Thursday, December 27, 2018

Not on the same page

This is probably a foretelling of what would happen if I stayed home. It's not just in my head, but I would go crazy. This craziness... Will really lead to horrible consequences.

This tiredness frustrates me. Is it me? Or normal? It makes me feel like I'm not working hard enough that's why I'm not busy. Business does not equate to a better worker, but this disparity is starting to bug me.

Wednesday, November 07, 2018

Sometimes, trying is just not good enough.

Failure is a failure.

Wednesday, June 27, 2018

These feelings

I don't know what the root of these feelings are. Logically, I have no reason to feel this way (I think) , but yet I do. It is because I don't understand why I feel this way that frustrates me.

I used to think that it is jealousy, but maybe it's because I feel I'm better? Or maybe it's just because people have different views? Maybe I'm also being too judgmental?

Is the key to solving this detaching myself from all of this?

Sunday, May 06, 2018

Torn

When your family just tears you apart. Bit by bit, and there's no one to tell and no one who can help.

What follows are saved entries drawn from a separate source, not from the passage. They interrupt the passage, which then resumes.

(* Let $\mathcal{M},\mathcal{N}\subset\mathbb{R}^n$ be two manifolds that are $\mathcal{C}^k$-smooth ($k\geq 2$) around a point $\bar{x}\in\mathcal{M}\cap\mathcal{N}$, such that $\mathcal{M}\cap\mathcal{N}$ is a $\mathcal{C}^k$-smooth manifold around $\bar{x}$ and $\mathrm{T}_{\mathcal{M}\cap\mathcal{N}}(\bar{x})=\mathrm{T}_{\mathcal{M}}(\bar{x})\cap\mathrm{T}_{\mathcal{N}}(\bar{x})$. Let the parameters satisfy $\alpha\in(0,1]$, $\alpha_1,\alpha_2\in(0,2]$ and either (B1) $\alpha_1,\alpha_2\in(0,2)$, or (B2) $\alpha\in(0,1)$ with $\alpha_1\neq 2$ or $\alpha_2\neq 2$. Define $S_{\mathrm{T}(\bar{x})}\coloneqq(1-\alpha)I+\alpha\,\Pi^{\alpha_2}_{\mathrm{T}_{\mathcal{M}}(\bar{x})}\Pi^{\alpha_1}_{\mathrm{T}_{\mathcal{N}}(\bar{x})}$. Then \[ \mathrm{T}_{\mathcal{M}\cap\mathcal{N}}(\bar{x})=\mathrm{T}_{\mathcal{M}}(\bar{x})\cap\mathrm{T}_{\mathcal{N}}(\bar{x})=\mathrm{fix}\, S_{\mathrm{T}(\bar{x})} \] and \[ \Pi_{\mathrm{fix}\, S_{\mathrm{T}(\bar{x})}}=S_{\mathrm{T}(\bar{x})}^\infty , \] where $S^\infty\coloneqq\lim_{k\to\infty}S^k$.
   Context: For a closed nonempty set $C$, $\Pi_C$ is the (unique) projection and $\Pi_C^{\alpha}\coloneqq(1-\alpha)I+\alpha\Pi_C$ is the relaxed projection. For a manifold $\mathcal{M}$ given locally as $\{x: F(x)=0\}$ with $F$ of class $\mathcal{C}^k$ with surjective derivative, the tangent space is $\mathrm{T}_{\mathcal{M}}(x)=\ker \mathrm{J}F(x)$. $\mathrm{fix}\,S\coloneqq\{x\mid Sx=x\}$. *)

theory Defs
  imports "HOL-Analysis.Analysis"
begin

text \<open>C^k smoothness on an open set U: all (Frechet-)directional derivatives up to
order k exist and are continuous on U (equivalently: all partial derivatives up to
order k exist and are continuous).\<close>
fun Ck_on :: "nat \<Rightarrow> 'a::real_normed_vector set \<Rightarrow> ('a \<Rightarrow> 'b::real_normed_vector) \<Rightarrow> bool" where
  "Ck_on 0 U f = continuous_on U f"
| "Ck_on (Suc k) U f =
     ((\<forall>x\<in>U. f differentiable (at x)) \<and>
      (\<forall>v. Ck_on k U (\<lambda>x. frechet_derivative f (at x) v)))"

definition local_manifold_rep ::
  "nat \<Rightarrow> 'a::euclidean_space set \<Rightarrow> ('a \<Rightarrow> 'b::euclidean_space) \<Rightarrow> 'a set \<Rightarrow> 'a \<Rightarrow> bool" where
  "local_manifold_rep k M F U x \<longleftrightarrow>
     open U \<and> x \<in> U \<and> Ck_on k U F \<and> M \<inter> U = {y\<in>U. F y = 0} \<and>
     (\<forall>y\<in>U. surj (frechet_derivative F (at y)))"

definition tangent_space :: "('a::euclidean_space \<Rightarrow> 'b::euclidean_space) \<Rightarrow> 'a \<Rightarrow> 'a set" where
  "tangent_space F x = {v. frechet_derivative F (at x) v = 0}"

definition rproj :: "real \<Rightarrow> 'a::euclidean_space set \<Rightarrow> 'a \<Rightarrow> 'a" where
  "rproj a C x = (1 - a) *\<^sub>R x + a *\<^sub>R closest_point C x"
definition source_radii :: "(nat \<times> nat) option list \<Rightarrow> nat \<Rightarrow> nat set" where
  "source_radii ss i = {u. u < length ss \<and> (\<exists>v. rev ss ! u = Some v \<and> fst v = i)}"

lemma source_radii_disjoint: "i \<noteq> j \<Longrightarrow> source_radii ss i \<inter> source_radii ss j = {}"
  by (auto simp: source_radii_def)

lemma path_order_le_source_cover:
  assumes cov: "pf_vertices ls \<subseteq> burned (pf_edge ls) {} ss" and i: "i < length ls"
  shows "ls ! i \<le> (\<Sum>u\<in>source_radii ss i. 2*u+1)"
proof -
  let ?R = "source_radii ss i"
  define center where "center u = snd (the (rev ss ! u))" for u
  define J where "J u = {center u - u .. center u + u}" for u
  have fin: "finite ?R" by (simp add: source_radii_def)
  have "{..<ls ! i} \<subseteq> (\<Union>u\<in>?R. J u)"
  proof
    fix j assume "j \<in> {..<ls ! i}"
    then have "(i, j) \<in> burned (pf_edge ls) {} ss" using cov i by (auto simp: pf_vertices_def)
    then obtain u v where u: "u < length ss" "rev ss ! u = Some v" "same_path_within u v (i, j)"
      using burned_pf_edge_within[of "(i, j)" ls "{}" ss] by auto
    then have "fst v = i" by (simp add: same_path_within_def)
    then have "u \<in> ?R" using u(1,2) unfolding source_radii_def by blast
    moreover have "j \<in> J u" using u by (auto simp: same_path_within_def center_def J_def)
    ultimately show "j \<in> (\<Union>u\<in>?R. J u)" by blast
  qed
  then have "card {..<ls ! i} \<le> card (\<Union>u\<in>?R. J u)"
    by (intro card_mono) (auto simp: J_def fin)
  also have "\<dots> \<le> (\<Sum>u\<in>?R. card (J u))" by (rule card_UN_le[OF fin])
  also have "\<dots> \<le> (\<Sum>u\<in>?R. 2*u+1)" by (intro sum_mono) (auto simp: J_def)
  finally show ?thesis by simp
qed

Some days you wish you have no feelings for this world or the people in it.

Some days you just want to run and run and run and run so that all your emotions are spent. And you have none left to spare for the things that are painful in life.

Some nights you want to close your eyes and for sleep to quickly take you away from this world. To a world where you can leave behind all this pain. To wake up with a new mind so that all these painful things seem so distant and less hurtful. That the challenges of the new day will crowd out the pain, so you are not alone with it.

Some nights it hurts so much you cannot sleep, you cry so hard. Thinking that if you cry this hard, your heart will hurt and ache less. You hope that crying will make your eyes so tired you'll fall asleep. But it doesn't work.

Some days you just want to take everything and just leave.

Or someone to just shoot you to end it all. Because at this moment, the pain is so much, that no matter how hard you cry it still hurts and aches inside. Because whatever you find joy in is always so near yet so far and you just want to stop running for it.

Maybe a short break? Maybe never again?

Sunday, April 15, 2018

Dawn before the morning

A run

A good cry

One more time, let's get up and go

Tuesday, March 13, 2018

frustration never ends

What do I need to do to get it through to everyone that I DO NOT WANT TO DO THIS! We're not even anywhere close to doing anything and I already hate it. What's more is that since the beginning there has been NO CONSOLATION whatsoever to doing any of it.

It all just feels like a giant waste of time and my mental well-being (which has probably wasted away quite some).

What do you do when you feel like you are not heard?

I really did not want to give a fuck no more, but then there came hope. But alas, it's the same thing all over again. I wonder if I have deal with this myself because someone cannot figure this shit out and it probably not being anything close to a priority.

There is just NO opportunity to talk about anything, so maybe I really just should fuck it all.

Sunday, March 11, 2018

Some days

I wish that everyone could let me do what I want.